Pourquoi la vidéo dans l’enseignement ?
Un des intérêts rarement (jamais ?) mentionné de la vidéo utilisée comme support de cours est dû paradoxalement à une de ses contraintes.
Mais avant de l’évoquer jetons un regard sur les outils traditionnels au service de l’enseignant.
L’écrit
Le document écrit se lit dans un temps (relativement) non contraint, puisque le lecteur peut (depuis quelques siècles) lire « sans les lèvres » en utilisant le canal intérieur, et par là même il s’affranchit de la durée imposée par la lecture à voix haute (qu’on ne peut accélérer sans dommage pour la compréhension)
Cette absence de contrainte permet « de lire sans lire » puisqu’on peut par exemple lire un roman dans lequel le nom du héros est K’rzpptymfr sans gêne excessive puisqu’il n’est pas nécessaire de le prononcer, il suffit de le reconnaître.
Elle permet également de survoler le texte pour en saisir le sens en utilisant cette faculté de « pari perceptif » qui permet d’intégrer à ce que nos sens nous apportent, ce que notre intelligence liée à notre mémoire « devine » ou croit deviner.
Ces « facilités », comme c’est le cas pour tout confort, ont des dérives et des inconvénients.

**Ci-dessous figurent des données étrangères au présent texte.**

lemma u_coord_br: assumes y: "y \<in> gS" and x: "x \<in> pS" and m: "m < dim_u"
  shows "u_coord (br y x) m = (\<Sum>l<dim_u. u_coord x l * ad_coord y l m)"
proof -
  obtain k where k: "k \<in> gS" "x = k + (\<Sum>l<dim_u. sc (u_coord x l) (u_list ! l))" using pS_decomp_coord[OF x] by blast
  have yP: "y \<in> pS" using y gS_subset_pS by blast
  have bP: "br y (u_list ! l) \<in> pS" if "l < dim_u" for l using pS_br[OF yP u_list_pS[OF that]] .
  have "br y x = br y k + (\<Sum>l<dim_u. sc (u_coord x l) (br y (u_list ! l)))"
    by (subst k(2)) (simp add: br_add_right br_sum_right br_scale_right)
  moreover have "br y k \<in> gS" using gS_br y k by blast
  moreover have "(\<Sum>l<dim_u. sc (u_coord x l) (br y (u_list ! l))) \<in> pS"
    using bP by (auto intro!: subspace_sum[OF pS_subspace] subspace_scale[OF pS_subspace])
  ultimately have "u_coord (br y x) m = u_coord (br y k) m + u_coord (\<Sum>l<dim_u. sc (u_coord x l) (br y (u_list ! l))) m"
    using u_coord_linear[of "br y k" _ 1 m] gS_subset_pS by auto
  also have "u_coord (br y k) m = 0" using u_coord_gS m \<open>br y k \<in> gS\<close> by blast
  also have "u_coord (\<Sum>l<dim_u. sc (u_coord x l) (br y (u_list ! l))) m = (\<Sum>l<dim_u. u_coord x l * ad_coord y l m)"
    by (subst u_coord_sum) (use bP pS_subspace subspace_scale in \<open>auto simp: u_coord_scale ad_coord_def\<close>)
  finally show ?thesis by simp
qed

definition trace_u :: "'a \<Rightarrow> complex" where "trace_u y = (\<Sum>l<dim_u. ad_coord y l l)"

lemma br_u_list_pS: "y \<in> pS \<Longrightarrow> l < dim_u \<Longrightarrow> br y (u_list ! l) \<in> pS" using pS_br u_list_pS by blast

lemma trace_u_linear: assumes "y \<in> pS" "z \<in> pS" shows "trace_u (sc a y + z) = a * trace_u y + trace_u z"
proof -
  have "ad_coord (sc a y + z) l l = a * ad_coord y l l + ad_coord z l l" if "l < dim_u" for l
    unfolding ad_coord_def br_add_left br_scale_left using u_coord_linear br_u_list_pS assms that by blast
  then show ?thesis unfolding trace_u_def by (simp add: sum.distrib sum_distrib_left)
qed

lemma trace_u_zero: "trace_u 0 = 0" unfolding trace_u_def ad_coord_def by (simp add: u_coord_zero)

lemma trace_u_br: assumes a: "a \<in> gS" and b: "b \<in> gS" shows "trace_u (br a b) = 0"
proof -
  have aP: "a \<in> pS" and bP: "b \<in> pS" using a b gS_subset_pS by auto
  have T: "ad_coord (br a b) l l = (\<Sum>s<dim_u. ad_coord b l s * ad_coord a s l) - (\<Sum>s<dim_u. ad_coord a l s * ad_coord b s l)"
    if l: "l < dim_u" for l
  proof -
    let ?v = "u_list ! l"
    have vP: "?v \<in> pS" using u_list_pS l .
    have "ad_coord (br a b) l l = u_coord (br a (br b ?v) - br b (br a ?v)) l"
      unfolding ad_coord_def jacobi_ad ..
    also have "\<dots> = u_coord (br a (br b ?v)) l - u_coord (br b (br a ?v)) l"
      by (rule u_coord_diff) (use aP bP vP pS_br in auto)
    also have "u_coord (br a (br b ?v)) l = (\<Sum>s<dim_u. u_coord (br b ?v) s * ad_coord a s l)"
      by (rule u_coord_br[OF a _ l]) (use bP vP pS_br in auto)
    also have "u_coord (br b (br a ?v)) l = (\<Sum>s<dim_u. u_coord (br a ?v) s * ad_coord b s l)"
      by (rule u_coord_br[OF b _ l]) (use aP vP pS_br in auto)
    finally show ?thesis unfolding ad_coord_def .
  qed
  have "trace_u (br a b) = (\<Sum>l<dim_u. \<Sum>s<dim_u. ad_coord b l s * ad_coord a s l)
      - (\<Sum>l<dim_u. \<Sum>s<dim_u. ad_coord a l s * ad_coord b s l)"
    unfolding trace_u_def by (simp add: T sum_subtractf)
  also have "(\<Sum>l<dim_u. \<Sum>s<dim_u. ad_coord a l s * ad_coord b s l) = (\<Sum>s<dim_u. \<Sum>l<dim_u. ad_coord a l s * ad_coord b s l)"
    by (rule sum.swap)
  also have "\<dots> = (\<Sum>l<dim_u. \<Sum>s<dim_u. ad_coord b l s * ad_coord a s l)"
    by (simp add: mult.commute)
  finally show ?thesis by simp
qed

lemma gS_span_brackets: "gS \<subseteq> span {br a b | a b. a \<in> gS \<and> b \<in> gS}"
proof
  fix x assume "x \<in> gS"
  then show "x \<in> span {br a b | a b. a \<in> gS \<and> b \<in> gS}"
  proof -
    assume x: "x \<in> gS"
    have gK: "e j \<in> gS" "f j \<in> gS" if "j \<in> S" for j using that unfolding gS_def by (auto intro: lie_gen.gen)
    show ?thesis using x[unfolded gS_def]
    proof (induction rule: lie_gen.induct)
      case (gen x)
      then obtain j where j: "j \<in> S" "x = e j \<or> x = f j" by auto
      have hK: "h j \<in> gS" using br_e_f[of j] gS_br gK[OF j(1)] by metis
      have "x = br (sc (if x = e j then 1/2 else -1/2) (h j)) x \<and> sc (if x = e j then 1/2 else -1/2) (h j) \<in> gS"
        using j(2) hK gS_subspace subspace_scale
        by (auto simp: br_scale_left br_h_e br_h_f cartan_diag scale_scale)
      then have "x \<in> {br a b | a b. a \<in> gS \<and> b \<in> gS}"
        using j gK[OF j(1)] by blast
      then show ?case by (rule span_base)
    next
      case zero then show ?case by (rule span_zero)
    next
      case (add x y) then show ?case by (auto intro: span_add)
    next
      case (smult x a) then show ?case by (auto intro: span_scale)
    next
      case (bracket x y)
      then have "br x y \<in> {br a b | a b. a \<in> gS \<and> b \<in> gS}" unfolding gS_def by blast
      then show ?case by (rule span_base)
    qed
  qed
qed

lemma trace_u_gS: assumes y: "y \<in> gS" shows "trace_u y = 0"
proof -
  have "y \<in> span {br a b | a b. a \<in> gS \<and> b \<in> gS}" using gS_span_brackets y by blast
  then have "y \<in> pS \<and> trace_u y = 0"
  proof (induction rule: span_induct_alt)
    case base then show ?case using trace_u_zero pS_subspace subspace_0 by blast
  next
    case (step c x z)
    then obtain a b where ab: "x = br a b" "a \<in> gS" "b \<in> gS" by blast
    have xP: "x \<in> pS" using ab pS_br gS_subset_pS by blast
    have "trace_u (sc c x + z) = c * trace_u x + trace_u z" by (rule trace_u_linear) (use xP step in auto)
    moreover have "sc c x + z \<in> pS" using xP step pS_subspace subspace_add subspace_scale by blast
    ultimately show ?case using trace_u_br ab step by simp
  qed
  then show ?thesis by blast
qed

lemma coord_mat_index: "r < dim_u \<Longrightarrow> m < dim_u \<Longrightarrow> coord_mat xs $$ (r,m) = u_coord (xs ! r) m"
  unfolding coord_mat_def by simp

lemma top_cochain_linear:
  assumes xs: "xs \<in> plists pS dim_u" and i: "i < dim_u" and u: "u \<in> pS" and v: "v \<in> pS"
  shows "top_cochain (xs[i := sc a u + v]) = a * top_cochain (xs[i := u]) + top_cochain (xs[i := v])"
  unfolding top_cochain_def
  by (rule det_row_linear[OF coord_mat_carrier coord_mat_carrier coord_mat_carrier i])
     (use xs i u v in \<open>auto simp: coord_mat_index u_coord_linear plists_def\<close>)

lemma top_cochain_repeated_entry:
  assumes "i < j" "j < dim_u" "xs ! i = xs ! j"
  shows "top_cochain xs = 0"
  unfolding top_cochain_def
  by (rule det_identical_rows[OF coord_mat_carrier, of i j])
     (use assms in \<open>auto intro!: eq_vecI simp: coord_mat_index coord_mat_def\<close>)

lemma top_cochain_gS_entry:
  assumes "i < dim_u" "xs ! i \<in> gS"
  shows "top_cochain xs = 0"
  unfolding top_cochain_def
  by (rule det_row_zero[OF coord_mat_carrier assms(1)]) (use assms u_coord_gS in \<open>auto simp: coord_mat_index\<close>)
definition LLT :: "nat \<Rightarrow> bool list \<Rightarrow> int poly sfun" where
  "LLT n D M = (\<Sum>c\<in>parking_functions n D. monom 1 (dinv_pf n D c) * gessel_F (pides n D c) M)"

definition LLT_shift :: "nat \<Rightarrow> bool list \<Rightarrow> int poly sfun" where
  "LLT_shift n D M = pcompose (LLT n D M) [:1, 1:]"

end

(*
  Let omega_at_one be the linear functional f |-> (omega f)(1, 0, 0, ...) on symmetric
  functions of degree n. Since omega e_mu = h_mu and h_k(1) = 1, it sends every e_mu to 1,
  so applied to LLT_D[X;1+q] it returns the sum of the P_mu(q). Applied instead to the
  expansion of LLT_D[X;1+q] in fundamental quasisymmetric functions, it kills every F_alpha
  except F_(1,...,1) = e_n. But pides(PF) = (1,...,1) says that sigma(PF)^-1 descends
  everywhere, i.e. sigma(PF) = n...21, and exactly one parking function supported by D has
  this reading word; its term is (1+q)^dinv(D).
  On coefficient functions the functional is computed by inclusion-exclusion on the
  exponent of the variable x_0, which turns both evaluations into inductions on n.
*)
theory Submission
  imports Defs
begin

section \<open>Splitting off the variable x_0\<close>

text \<open>Every monomial is uniquely x_0^a times the image of a monomial N under x_i \<mapsto> x_(i+1).\<close>
definition lift_mset :: "nat \<Rightarrow> nat multiset \<Rightarrow> nat multiset" where
  "lift_mset a N = replicate_mset a 0 + image_mset Suc N"

lemma count_lift_mset: "count (lift_mset a N) y = (if y = 0 then a else count N (y - 1))"
  by (induction N) (auto simp: lift_mset_def)

lemma size_lift_mset [simp]: "size (lift_mset a N) = a + size N"
  by (simp add: lift_mset_def)

lemma lift_mset_eq_iff: "lift_mset a N = lift_mset b B \<longleftrightarrow> a = b \<and> N = B"
proof
  assume eq: "lift_mset a N = lift_mset b B"
  have "a = b"
    using arg_cong[OF eq, of "\<lambda>M. count M 0"] by (simp add: count_lift_mset)
  moreover have "N = B"
    using arg_cong[OF eq, of "\<lambda>M. count M (Suc x)" for x]
    by (intro multiset_eqI) (simp add: count_lift_mset)
  ultimately show "a = b \<and> N = B" ..
qed simp

lemma ex_lift_mset: "\<exists>b B. A = lift_mset b B"
proof (induction A)
  case empty
  have "{#} = lift_mset 0 {#}" by (simp add: lift_mset_def)
  then show ?case by blast
next
  case (add x A)
  then obtain b B where A: "A = lift_mset b B" by blast
  show ?case
  proof (cases x)
    case 0
    then have "add_mset x A = lift_mset (Suc b) B" by (simp add: A lift_mset_def)
    then show ?thesis by blast
  next
    case (Suc y)
    then have "add_mset x A = lift_mset b (add_mset y B)" by (simp add: A lift_mset_def)
    then show ?thesis by blast
  qed
qed
lemma lower_central_normal: "lower_central G n \<lhd> G"
proof (induction n)
  case 0
  then show ?case by (simp add: lower_central_0 normal_self)
next
  case (Suc n)
  interpret normal "lower_central G n" G by (rule Suc)
  show ?case unfolding lower_central_Suc
  proof (rule normal_generateI)
    show "{commutator G h g | h g. h \<in> lower_central G n \<and> g \<in> carrier G} \<subseteq> carrier G"
      by auto
  next
    fix c x
    assume "c \<in> {commutator G h g | h g. h \<in> lower_central G n \<and> g \<in> carrier G}"
      and x: "x \<in> carrier G"
    then obtain h g where h: "h \<in> lower_central G n" and g: "g \<in> carrier G"
      and c: "c = commutator G h g" by blast
    have "x \<otimes> c \<otimes> inv x = commutator G (x \<otimes> h \<otimes> inv x) (x \<otimes> g \<otimes> inv x)"
      using c h g x by (simp add: conj_commutator)
    moreover have "x \<otimes> h \<otimes> inv x \<in> lower_central G n"
      using x h by (rule inv_op_closed2)
    ultimately show "x \<otimes> c \<otimes> inv x \<in>
        {commutator G h g | h g. h \<in> lower_central G n \<and> g \<in> carrier G}"
      using g x by blast
  qed
qed

lemma lower_central_subgroup: "subgroup (lower_central G n) G"
  using lower_central_normal normal_imp_subgroup by blast

lemma lower_central_carrier: "x \<in> lower_central G n \<Longrightarrow> x \<in> carrier G"
  using subgroup.mem_carrier[OF lower_central_subgroup] .

lemma commutator_in_lower_central_Suc:
  "h \<in> lower_central G n \<Longrightarrow> g \<in> carrier G \<Longrightarrow> commutator G h g \<in> lower_central G (Suc n)"
  unfolding lower_central_Suc by (rule generate.incl) blast

lemma lower_central_Suc_subset: "lower_central G (Suc n) \<subseteq> lower_central G n"
  unfolding lower_central_Suc
proof (rule generate_subgroup_incl[OF _ lower_central_subgroup], safe)
  interpret normal "lower_central G n" G by (rule lower_central_normal)
  fix h g assume h: "h \<in> lower_central G n" and g: "g \<in> carrier G"
  have "g \<otimes> inv h \<otimes> inv g \<in> lower_central G n"
    using g h by (simp add: inv_op_closed2)
  then have "h \<otimes> (g \<otimes> inv h \<otimes> inv g) \<in> lower_central G n"
    using h by simp
  then show "commutator G h g \<in> lower_central G n"
    using g h by (simp add: commutator_def m_assoc)
qed

lemma endomorphism_image_lower_central:
  assumes f: "f \<in> hom G G"
  shows "f ` lower_central G n \<subseteq> lower_central G n"
proof (induction n)
  case 0
  then show ?case using f by (auto simp: lower_central_0 hom_def)
next
  case (Suc n)
  interpret group_hom G G f by (simp add: group_hom_axioms_def group_hom_def f is_group)
  let ?C = "\<lambda>n. {commutator G h g | h g. h \<in> lower_central G n \<and> g \<in> carrier G}"
  have "f ` ?C n \<subseteq> ?C n"
    using Suc by (force simp: hom_commutator lower_central_carrier)
  then have "generate G (f ` ?C n) \<subseteq> generate G (?C n)"
    by (rule mono_generate)
  moreover have "generate G (f ` ?C n) = f ` generate G (?C n)"
    by (rule generate_img) (auto simp: lower_central_carrier)
  ultimately show ?case by (simp add: lower_central_Suc)
qed

end

section \<open>Square roots in groups of odd order\<close>

definition group_sqrt :: "('a, 'b) monoid_scheme \<Rightarrow> 'a \<Rightarrow> 'a" where
  "group_sqrt G x = x [^]\<^bsub>G\<^esub> ((order G + 1) div 2)"

context group
begin

lemma group_sqrt_closed [simp]: "x \<in> carrier G \<Longrightarrow> group_sqrt G x \<in> carrier G"
  by (simp add: group_sqrt_def)

lemma group_sqrt_square:
  assumes "odd (order G)" "x \<in> carrier G"
  shows "group_sqrt G x \<otimes> group_sqrt G x = x"
proof -
  have "(order G + 1) div 2 + (order G + 1) div 2 = order G + 1"
    using assms(1) by presburger
  then show ?thesis
    using assms(2) by (simp add: group_sqrt_def nat_pow_mult pow_order_eq_1)
qed

lemma group_sqrt_of_square:
  assumes "odd (order G)" "x \<in> carrier G"
  shows "group_sqrt G (x \<otimes> x) = x"
proof -
  have "x \<otimes> x = x [^] (2::nat)" using assms(2) by (simp add: numeral_2_eq_2)
  then have "group_sqrt G (x \<otimes> x) = x [^] ((order G + 1) div 2 + (order G + 1) div 2)"
    using assms(2) by (simp add: group_sqrt_def nat_pow_pow mult_2)
  also have "\<dots> = x"
    using group_sqrt_square[OF assms] assms(2) by (simp add: group_sqrt_def nat_pow_mult)
  finally show ?thesis .
qed

lemma square_eq_square_imp_eq:
  "odd (order G) \<Longrightarrow> x \<in> carrier G \<Longrightarrow> y \<in> carrier G \<Longrightarrow> x \<otimes> x = y \<otimes> y \<Longrightarrow> x = y"
  by (metis group_sqrt_of_square)

lemma group_sqrt_mem_subgroup:
  assumes "subgroup H G" "x \<in> H"
  shows "group_sqrt G x \<in> H"
proof -
  have "x [^] (n::nat) \<in> H" for n
    by (induction n) (use assms in \<open>auto simp: subgroup.one_closed subgroup.m_closed\<close>)
  then show ?thesis by (simp add: group_sqrt_def)
qed

lemma square_mem_subgroup_imp_mem:
  "odd (order G) \<Longrightarrow> subgroup H G \<Longrightarrow> x \<in> carrier G \<Longrightarrow> x \<otimes> x \<in> H \<Longrightarrow> x \<in> H"
  by (metis group_sqrt_mem_subgroup group_sqrt_of_square)

lemma group_sqrt_inv: "x \<in> carrier G \<Longrightarrow> group_sqrt G (inv x) = inv (group_sqrt G x)"
  by (simp add: group_sqrt_def nat_pow_inv)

Le lecteur paresseux (nous le sommes tous), pressé (idem) ou à la recherche de la rentabilité maximale (une loi de l’époque) utilisera tous les moyens pour minimiser le temps consacré à cette tâche, parfois même lorsqu’il s’agit d’une lecture de loisir. L’usage fait toujours croitre ce type d’appropriation / détournement, et l’évolution des pratiques de lecture de l’élève face à un cours écrit n’y déroge pas.
L’enseignant observe donc chez ses élèves, année après année, un rendement décroissant de la lecture du cours et l’exprime sous la forme « Les élèves apprennent de moins en moins leurs leçons (ou de plus en plus mal) »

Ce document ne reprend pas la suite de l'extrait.